El exministro de Planificación Federal, Julio De Vido, se entregó este jueves en los tribunales federales de Comodoro Py para hacer efectiva la pena de cuatro años de prisión dictada en su contra por su responsabilidad en la Tragedia ferroviaria de Once. Acompañado por su abogado, Maximiliano Rusconi, el exfuncionario kirchnerista arribó a las 8 de la mañana a la sede judicial, acatando la orden que emana del Tribunal Oral Federal N° 4 (TOF 4), el cual dispuso la ejecución inmediata de la condena tras el rechazo de las últimas instancias de apelación.
La condena contra De Vido se relaciona con el delito de administración fraudulenta en perjuicio de la administración pública, una figura que el sistema judicial consideró probada debido a su rol en la supervisión de las concesiones ferroviarias. El fallo, que ya había sido ratificado por la Cámara Federal de Casación y finalmente confirmado por la Corte Suprema de Justicia de la Nación, marcó el cierre de uno de los capítulos judiciales más resonantes vinculados a la corrupción y la negligencia de la pasada década.
La escena en Comodoro Py fue de alta tensión mediática y política, reflejando la magnitud del dirigente que ingresaba a cumplir su sentencia. De Vido, quien fuera uno de los funcionarios de mayor peso durante los gobiernos de Néstor y Cristina Kirchner, permaneció en los tribunales para realizar los trámites procesales de rigor y someterse a los controles médicos protocolares necesarios antes de su traslado a una unidad penitenciaria.
La Tragedia de Once, ocurrida en febrero de 2012, costó la vida a 52 personas y dejó cientos de heridos, exponiendo las graves falencias y el deterioro del sistema ferroviario bajo la órbita de Planificación Federal. La detención del exministro simboliza la culminación de un largo proceso de reclamo de justicia por parte de los familiares de las víctimas, que se manifestaron persistentemente para asegurar la rendición de cuentas de los responsables políticos y empresariales.

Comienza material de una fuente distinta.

(* Let $G$ be a graph and let $H$ be a triangle-free subgraph of $G$ such that every maximal clique of $H$ is a maximal clique of $G$. Then $p(G) \ge p(H)$.
   Context: All graphs are finite and simple. For an acyclic digraph $D$, the phylogeny graph $P(D)$ is the graph on $V(D)$ in which distinct vertices $u,v$ are adjacent if and only if $(u,v)\in A(D)$, or $(v,u)\in A(D)$, or there is a vertex $w$ with $(u,w),(v,w)\in A(D)$. A phylogeny digraph for a graph $G$ is an acyclic digraph $D$ such that $G$ is an induced subgraph of $P(D)$ and $D$ has no arc from a vertex of $V(D)\setminus V(G)$ to a vertex of $V(G)$. The phylogeny number $p(G)$ is the minimum of $|V(D)\setminus V(G)|$ over all phylogeny digraphs $D$ for $G$. *)

theory Defs
  imports Main
begin

definition graph :: "'a set \<Rightarrow> 'a set set \<Rightarrow> bool" where
  "graph V E \<longleftrightarrow> finite V \<and> (\<forall>e\<in>E. \<exists>u v. e = {u, v} \<and> u \<noteq> v \<and> u \<in> V \<and> v \<in> V)"

definition subgraph :: "'a set \<Rightarrow> 'a set set \<Rightarrow> 'a set \<Rightarrow> 'a set set \<Rightarrow> bool" where
  "subgraph VH EH VG EG \<longleftrightarrow> graph VH EH \<and> graph VG EG \<and> VH \<subseteq> VG \<and> EH \<subseteq> EG"

definition clique :: "'a set \<Rightarrow> 'a set set \<Rightarrow> 'a set \<Rightarrow> bool" where
  "clique V E K \<longleftrightarrow> K \<subseteq> V \<and> (\<forall>u\<in>K. \<forall>v\<in>K. u \<noteq> v \<longrightarrow> {u, v} \<in> E)"

definition maximal_clique :: "'a set \<Rightarrow> 'a set set \<Rightarrow> 'a set \<Rightarrow> bool" where
  "maximal_clique V E K \<longleftrightarrow> clique V E K \<and> (\<forall>K'. clique V E K' \<and> K \<subseteq> K' \<longrightarrow> K' = K)"

definition triangle_free :: "'a set \<Rightarrow> 'a set set \<Rightarrow> bool" where
  "triangle_free V E \<longleftrightarrow> \<not> (\<exists>u\<in>V. \<exists>v\<in>V. \<exists>w\<in>V. u \<noteq> v \<and> v \<noteq> w \<and> u \<noteq> w \<and>
       {u, v} \<in> E \<and> {v, w} \<in> E \<and> {u, w} \<in> E)"

definition phylo_adj :: "'b set \<Rightarrow> 'b rel \<Rightarrow> 'b \<Rightarrow> 'b \<Rightarrow> bool" where
  "phylo_adj VD A u v \<longleftrightarrow> u \<noteq> v \<and> u \<in> VD \<and> v \<in> VD \<and>
     ((u, v) \<in> A \<or> (v, u) \<in> A \<or> (\<exists>w\<in>VD. (u, w) \<in> A \<and> (v, w) \<in> A))"

text \<open>Its vertex set is
  Inl ` V (the vertices of G) together with a finite set Inr ` S of new vertices;
  every finite digraph containing V(G) is isomorphic to one of this form.\<close>
definition phylogeny_digraph :: "'a set \<Rightarrow> 'a set set \<Rightarrow> nat set \<Rightarrow> ('a + nat) rel \<Rightarrow> bool" where
  "phylogeny_digraph V E S A \<longleftrightarrow>
     finite S \<and>
     A \<subseteq> (Inl ` V \<union> Inr ` S) \<times> (Inl ` V \<union> Inr ` S) \<and>
     acyclic A \<and>
     (\<forall>u\<in>V. \<forall>v\<in>V. u \<noteq> v \<longrightarrow>
        ({u, v} \<in> E \<longleftrightarrow> phylo_adj (Inl ` V \<union> Inr ` S) A (Inl u) (Inl v))) \<and>
     (\<forall>x\<in>S. \<forall>v\<in>V. (Inr x, Inl v) \<notin> A)"

definition phylogeny_number :: "'a set \<Rightarrow> 'a set set \<Rightarrow> nat" where
  "phylogeny_number V E = (LEAST k. \<exists>S A. phylogeny_digraph V E S A \<and> card S = k)"

end

theory Submission
  imports Defs
begin

text \<open>In a triangle-free graph every edge is a maximal clique. Under the hypothesis it is then
  a maximal clique of \<open>G\<close> as well, so no vertex of \<open>G\<close> is adjacent to both ends of an edge
  of \<open>H\<close>. An edge \<open>uv\<close> of \<open>H\<close> can never be produced in \<open>D\<close> by a common
  old out-neighbour, and if it is produced by a common new out-neighbour \<open>s\<close>, then \<open>u, v\<close> are
  the only in-neighbours of \<open>s\<close>; so the surviving arcs still produce exactly the edges of \<open>H\<close>,
  giving a phylogeny digraph for \<open>H\<close> with the same new vertices.\<close>

lemma graph_edge_vertices:
  assumes "graph V E" and "{u, v} \<in> E"
  shows "u \<in> V" and "v \<in> V"
  using assms unfolding graph_def by (metis doubleton_eq_iff)+

lemma graph_edge_distinct:
  assumes "graph V E" and "{u, v} \<in> E"
  shows "u \<noteq> v"
  using assms unfolding graph_def by (metis doubleton_eq_iff insert_absorb2)

lemma maximal_clique_pair_no_common_neighbour:
  assumes mc: "maximal_clique V E {a, b}"
    and "c \<in> V" and "{a, c} \<in> E" and "{b, c} \<in> E"
  shows "c = a \<or> c = b"
proof -
  have "{a, b} \<subseteq> V" "\<forall>u\<in>{a, b}. \<forall>v\<in>{a, b}. u \<noteq> v \<longrightarrow> {u, v} \<in> E"
    using mc unfolding maximal_clique_def clique_def by auto
  then have "clique V E {a, b, c}"
    using assms(2-4) unfolding clique_def by (auto simp: insert_commute)
  then have "{a, b, c} = {a, b}"
    using mc unfolding maximal_clique_def by blast
  then show ?thesis by blast
qed

lemma triangle_freeD:
  assumes "triangle_free V E" and "u \<in> V" "v \<in> V" "w \<in> V" and "u \<noteq> v" "v \<noteq> w" "u \<noteq> w"
    and "{u, v} \<in> E" "{v, w} \<in> E" "{u, w} \<in> E"
  shows False
  using assms unfolding triangle_free_def by blast

lemma triangle_free_edge_maximal_clique:
  assumes g: "graph V E" and tf: "triangle_free V E" and ab: "{a, b} \<in> E"
  shows "maximal_clique V E {a, b}"
  unfolding maximal_clique_def
proof (intro conjI allI impI)
  have V: "a \<in> V" "b \<in> V" using graph_edge_vertices[OF g ab] .
  then show "clique V E {a, b}"
    using ab unfolding clique_def by (auto simp: insert_commute)
  fix K assume K: "clique V E K \<and> {a, b} \<subseteq> K"
  show "K = {a, b}"
  proof (rule ccontr)
    assume "K \<noteq> {a, b}"
    then obtain c where c: "c \<in> K" "c \<noteq> a" "c \<noteq> b" using K by blast
    have "{a, c} \<in> E" "{b, c} \<in> E" "c \<in> V"
      using K c unfolding clique_def by auto
    with triangle_freeD[OF tf V(1,2) \<open>c \<in> V\<close> graph_edge_distinct[OF g ab]] c ab
    show False by (auto simp: insert_commute)
  qed
qed

lemma edge_no_common_neighbour:
  assumes sub: "subgraph VH EH VG EG"
    and tf: "triangle_free VH EH"
    and mc: "\<forall>K. maximal_clique VH EH K \<longrightarrow> maximal_clique VG EG K"
    and ab: "{a, b} \<in> EH" and "c \<in> VG" and "{a, c} \<in> EG" and "{b, c} \<in> EG"
  shows "c = a \<or> c = b"
proof -
  have "graph VH EH" using sub unfolding subgraph_def by blast
  then have "maximal_clique VG EG {a, b}"
    using mc triangle_free_edge_maximal_clique[OF _ tf ab] by blast
  then show ?thesis by (rule maximal_clique_pair_no_common_neighbour[OF _ assms(5-7)])
qed

lemma phylogeny_digraph_arc_vertices:
  assumes "phylogeny_digraph V E S A" and "(p, q) \<in> A"
  shows "p \<in> Inl ` V \<union> Inr ` S" and "q \<in> Inl ` V \<union> Inr ` S"
  using assms unfolding phylogeny_digraph_def by blast+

Tras la revisión médica, el TOF 4 ordenó el traslado de De Vido al penal de Ezeiza, donde quedará alojado bajo el régimen de cumplimiento de pena. No obstante, aún pende una definición sobre un pedido de prisión domiciliaria presentado por su defensa, el cual deberá ser evaluado por el Tribunal en función de las condiciones de salud del condenado y la normativa vigente, manteniendo un resquicio de incertidumbre sobre su destino final.
El ingreso a prisión de Julio De Vido, un hito en la historia judicial argentina que sienta precedentes en la persecución de delitos de corrupción de alto impacto social, cierra un ciclo de impunidad percibida y reafirma la capacidad del Poder Judicial para avanzar contra exfuncionarios del más alto nivel. La detención, además de su significado penal, proyecta un mensaje de transparencia y obligatoriedad de la ley, independientemente del poder político ejercido, marcando un antes y un después en la relación entre el Estado y la responsabilidad de sus máximos responsables.